» **Work order**
In your reply, reproduce the lines from the first one below to the line containing "define n where", inclusive, exactly as they stand.

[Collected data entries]

lemma linked_cluster_determined_off_chain:
  assumes \<sigma>: "linked_cluster k \<sigma>" and \<sigma>': "linked_cluster k \<sigma>'"
    and off_chain: "\<And>q. q < 1 + k*(m-1) \<Longrightarrow> \<not> on_chain q \<Longrightarrow> \<sigma>!q = \<sigma>'!q"
  shows "\<sigma> = \<sigma>'"
proof -
  define n where "n = 1 + k*(m-1)"
  define C N where "C = {q. q < n \<and> on_chain q}" and "N = {q. q < n \<and> \<not> on_chain q}"
  have perms: "is_perm \<sigma> n" "is_perm \<sigma>' n" using \<sigma> \<sigma>' by (simp_all add: linked_cluster_def n_def)
  then have inj: "inj_on (nth \<sigma>) {..<n}" "inj_on (nth \<sigma>') {..<n}"
    by (auto simp: is_perm_def intro!: inj_on_nth)
  have "nth xs ` {..<length xs} = set xs" for xs :: "nat list"
    by (auto simp: set_conv_nth)
  then have "nth \<sigma> ` {..<n} = nth \<sigma>' ` {..<n}"
    using perms by (metis is_perm_def)
  moreover have "nth \<sigma> ` N = nth \<sigma>' ` N" using off_chain by (auto simp: N_def n_def)
  moreover have "C = {..<n} - N" "N \<subseteq> {..<n}" by (auto simp: C_def N_def)
  ultimately have image: "nth \<sigma> ` C = nth \<sigma>' ` C" using inj by (simp add: inj_on_image_set_diff)
  have "C \<subseteq> {..<n}" by (auto simp: C_def)
  then have inj_C: "inj_on (nth \<sigma>) C" "inj_on (nth \<sigma>') C" using inj by (auto intro: inj_on_subset)
  have order: "\<sigma>!x < \<sigma>!y \<longleftrightarrow> \<sigma>'!x < \<sigma>'!y" if "x \<in> C" "y \<in> C" for x y
    using that chain_less_iff[OF \<sigma>] chain_less_iff[OF \<sigma>'] by (simp add: C_def n_def)
  have agree_on_chain: "\<sigma>!q = \<sigma>'!q" if "q \<in> C" for q
    using eq_on_if_same_image_same_order[OF _ inj_C image order that] by (simp add: C_def)
  have "length \<sigma> = n" "length \<sigma>' = n" using perms by (simp_all add: is_perm_def)
  then show ?thesis
    using agree_on_chain off_chain by (intro nth_equalityI) (auto simp: C_def n_def)
qed
(* Assume the setting in the context. Let $\mathcal{F}$ be a countable collection of functions on $[-1,1]^d$ with $|f|\le B_n$ for all $f\in\mathcal{F}$, and let $L_n:\mathcal{F}\to[0,\infty)$ satisfy $\sum_{f\in\mathcal{F}}e^{-L_n(f)}\le1$. Then $$\mathbb{E}\sup_{f\in\mathcal{F}}\Big\{D_n'(f,f^\star)-\tau P_n(f\|f^\star)-\tau\gamma_nL_n(f)/n\Big\}\le0.$$
   Context: Setting: $d,n\ge1$. $(X,Y)$ is a random pair with $X\in[-1,1]^d$ having law $P$, $Y\in\mathbb{R}$. The regression function $f^\star(x)=\mathbb{E}[Y\mid X=x]$ satisfies $|f^\star|\le B$. The noise $\epsilon=Y-f^\star(X)$ satisfies $\mathbb{V}(\epsilon\mid X)\le\sigma^2$ and the Bernstein condition $\mathbb{E}(|\epsilon|^k\mid X)\le\frac12k!\eta^{k-2}\mathbb{V}(\epsilon\mid X)$ for $k=3,4,\dots$, with $\eta>0$. The data $(X_1,Y_1),\dots,(X_n,Y_n)$ are i.i.d. copies of $(X,Y)$, and $X_1',\dots,X_n'$ are i.i.d. with law $P$, independent of the data. For functions $f,g$: $D_n'(f,g)=\frac1n\sum_{i=1}^n(f(X_i')-g(X_i'))^2$, $P_n(f\|f^\star)=\frac1n\sum_{i=1}^n[(Y_i-f(X_i))^2-(Y_i-f^\star(X_i))^2]$. $B_n\ge B$. For fixed $\delta_1,\delta_2>0$: $\tau=(1+\delta_1)(1+\delta_2)$ and $\gamma_n=(2\tau)^{-1}(1+\delta_1/2)(1+2/\delta_1)(B+B_n)^2+2(1+1/\delta_2)\sigma^2+2(B+B_n)\eta$. *)

theory Defs
  imports "HOL-Probability.Probability"
begin

definition cube :: "(real ^ 'd) set" where
  "cube = {x. \<forall>i. -1 \<le> x $ i \<and> x $ i \<le> 1}"

definition sigma_of :: "'w measure \<Rightarrow> ('w \<Rightarrow> 'b::topological_space) \<Rightarrow> 'w measure" where
  "sigma_of M X = vimage_algebra (space M) X borel"

text \<open>Empirical squared distance on the ghost sample X'.\<close>
definition Dn' :: "nat \<Rightarrow> (nat \<Rightarrow> 'x) \<Rightarrow> ('x \<Rightarrow> real) \<Rightarrow> ('x \<Rightarrow> real) \<Rightarrow> real" where
  "Dn' n Xs f g = (1 / real n) * (\<Sum>i<n. (f (Xs i) - g (Xs i))^2)"

definition Pn :: "nat \<Rightarrow> (nat \<Rightarrow> 'x) \<Rightarrow> (nat \<Rightarrow> real) \<Rightarrow> ('x \<Rightarrow> real) \<Rightarrow> ('x \<Rightarrow> real) \<Rightarrow> real" where
  "Pn n Xs Ys f fstar =
     (1 / real n) * (\<Sum>i<n. (Ys i - f (Xs i))^2 - (Ys i - fstar (Xs i))^2)"

definition tau :: "real \<Rightarrow> real \<Rightarrow> real" where
  "tau \<delta>1 \<delta>2 = (1 + \<delta>1) * (1 + \<delta>2)"

definition gamma_n :: "real \<Rightarrow> real \<Rightarrow> real \<Rightarrow> real \<Rightarrow> real \<Rightarrow> real \<Rightarrow> real" where
  "gamma_n \<delta>1 \<delta>2 B Bn \<sigma> \<eta> =
     inverse (2 * tau \<delta>1 \<delta>2) * (1 + \<delta>1 / 2) * (1 + 2 / \<delta>1) * (B + Bn)^2
     + 2 * (1 + 1 / \<delta>2) * \<sigma>^2 + 2 * (B + Bn) * \<eta>"

end

theory Submission
  imports Defs
begin

text \<open>
  Put \<lambda> = n / (\<tau> \<gamma>_n). The heart of the proof is the exponential moment bound
  E exp (\<lambda> (D'_n(f, f*) - \<tau> P_n(f || f*))) \<le> 1 for every single f. Since data and ghost
  sample are independent, this expectation is the n-th power of
  E exp ((f - f*)(X)^2 / (\<tau> \<gamma>_n)) \<cdot> E exp (- ((Y - f(X))^2 - (Y - f*(X))^2) / \<gamma>_n).
  In the second factor the noise \<epsilon> = Y - f*(X) enters through the linear term
  2 (f - f*)(X) \<epsilon> / \<gamma>_n, which has conditional mean zero given X, and through higher
  conditional moments, which the Bernstein condition sums to a geometric series; this bounds
  the factor by E exp (- (f - f*)(X)^2 / ((1 + \<delta>2) \<gamma>_n)). The first summand of \<gamma>_n is
  chosen so that, by convexity of exp on the bounded variable (f - f*)(X)^2 \<in> [0, (B + B_n)^2],
  the product of the two factors is at most 1.

  Weighting by exp (- L f) and summing over the countable class then gives
  E \<Sum>_f exp (\<lambda> T_f) \<le> 1 for the penalised gaps T_f, and ln s \<le> s - 1 turns this into
  E sup_f T_f \<le> 0.
\<close>

section \<open>Elementary inequalities\<close>

lemma exp_scaled_le_chord:
  fixes s y :: real
  assumes "0 \<le> s" "s \<le> 1"
  shows "exp (s * y) \<le> 1 - s + s * exp y"
proof -
  have "convex_on UNIV (\<lambda>x. exp (1 * x))" by (rule convex_on_exp) simp
  from convex_onD[OF this, of s 0 y] assms show ?thesis by simp
qed

lemma exp_mult_le_chord:
  fixes a K v :: real
  assumes "0 \<le> a" "a \<le> K"
  shows "exp (v * a) \<le> 1 + a / K * (exp (v * K) - 1)"
proof (cases "K = 0")
  case False
  hence s: "0 \<le> a / K" "a / K \<le> 1" using assms by auto
  have "exp (v * a) = exp (a / K * (v * K))" using False by simp
  also have "\<dots> \<le> 1 - a / K + a / K * exp (v * K)" by (rule exp_scaled_le_chord[OF s])
  finally show ?thesis by (simp add: algebra_simps)
qed (use assms in simp)

lemma cosh_le_exp_half_sq:
  fixes x :: real
  shows "cosh x \<le> exp (x\<^sup>2 / 2)"
proof -
  define y where "y = \<bar>x\<bar>"
  have y: "y \<ge> 0" by (simp add: y_def)
  have "- (2 * y) * (1 / 2) + ln (1 + 1 / 2 * (exp (2 * y) - 1)) \<le> (2 * y)\<^sup>2 / 8"
    by (rule Hoeffdings_lemma_aux) (use y in auto)
  hence "ln ((1 + exp (2 * y)) / 2) \<le> y + y\<^sup>2 / 2"
    by (simp add: power2_eq_square field_simps)
  moreover have "0 < (1 + exp (2 * y)) / 2" by (simp add: add_pos_pos)
  ultimately have "(1 + exp (2 * y)) / 2 \<le> exp (y + y\<^sup>2 / 2)"
    by (metis exp_ln exp_le_cancel_iff)
  hence "exp (- y) * ((1 + exp (2 * y)) / 2) \<le> exp (- y) * exp (y + y\<^sup>2 / 2)"
    by (rule mult_left_mono) simp
  moreover have "cosh x = exp (- y) * ((1 + exp (2 * y)) / 2)"
    unfolding y_def by (cases "x \<ge> 0") (simp_all add: cosh_def field_simps flip: exp_add)
  ultimately show ?thesis by (simp add: y_def flip: exp_add)
qed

» **Result of the task**
lemma linked_cluster_determined_off_chain:
  assumes \<sigma>: "linked_cluster k \<sigma>" and \<sigma>': "linked_cluster k \<sigma>'"
    and off_chain: "\<And>q. q < 1 + k*(m-1) \<Longrightarrow> \<not> on_chain q \<Longrightarrow> \<sigma>!q = \<sigma>'!q"
  shows "\<sigma> = \<sigma>'"
proof -
  define n where "n = 1 + k*(m-1)"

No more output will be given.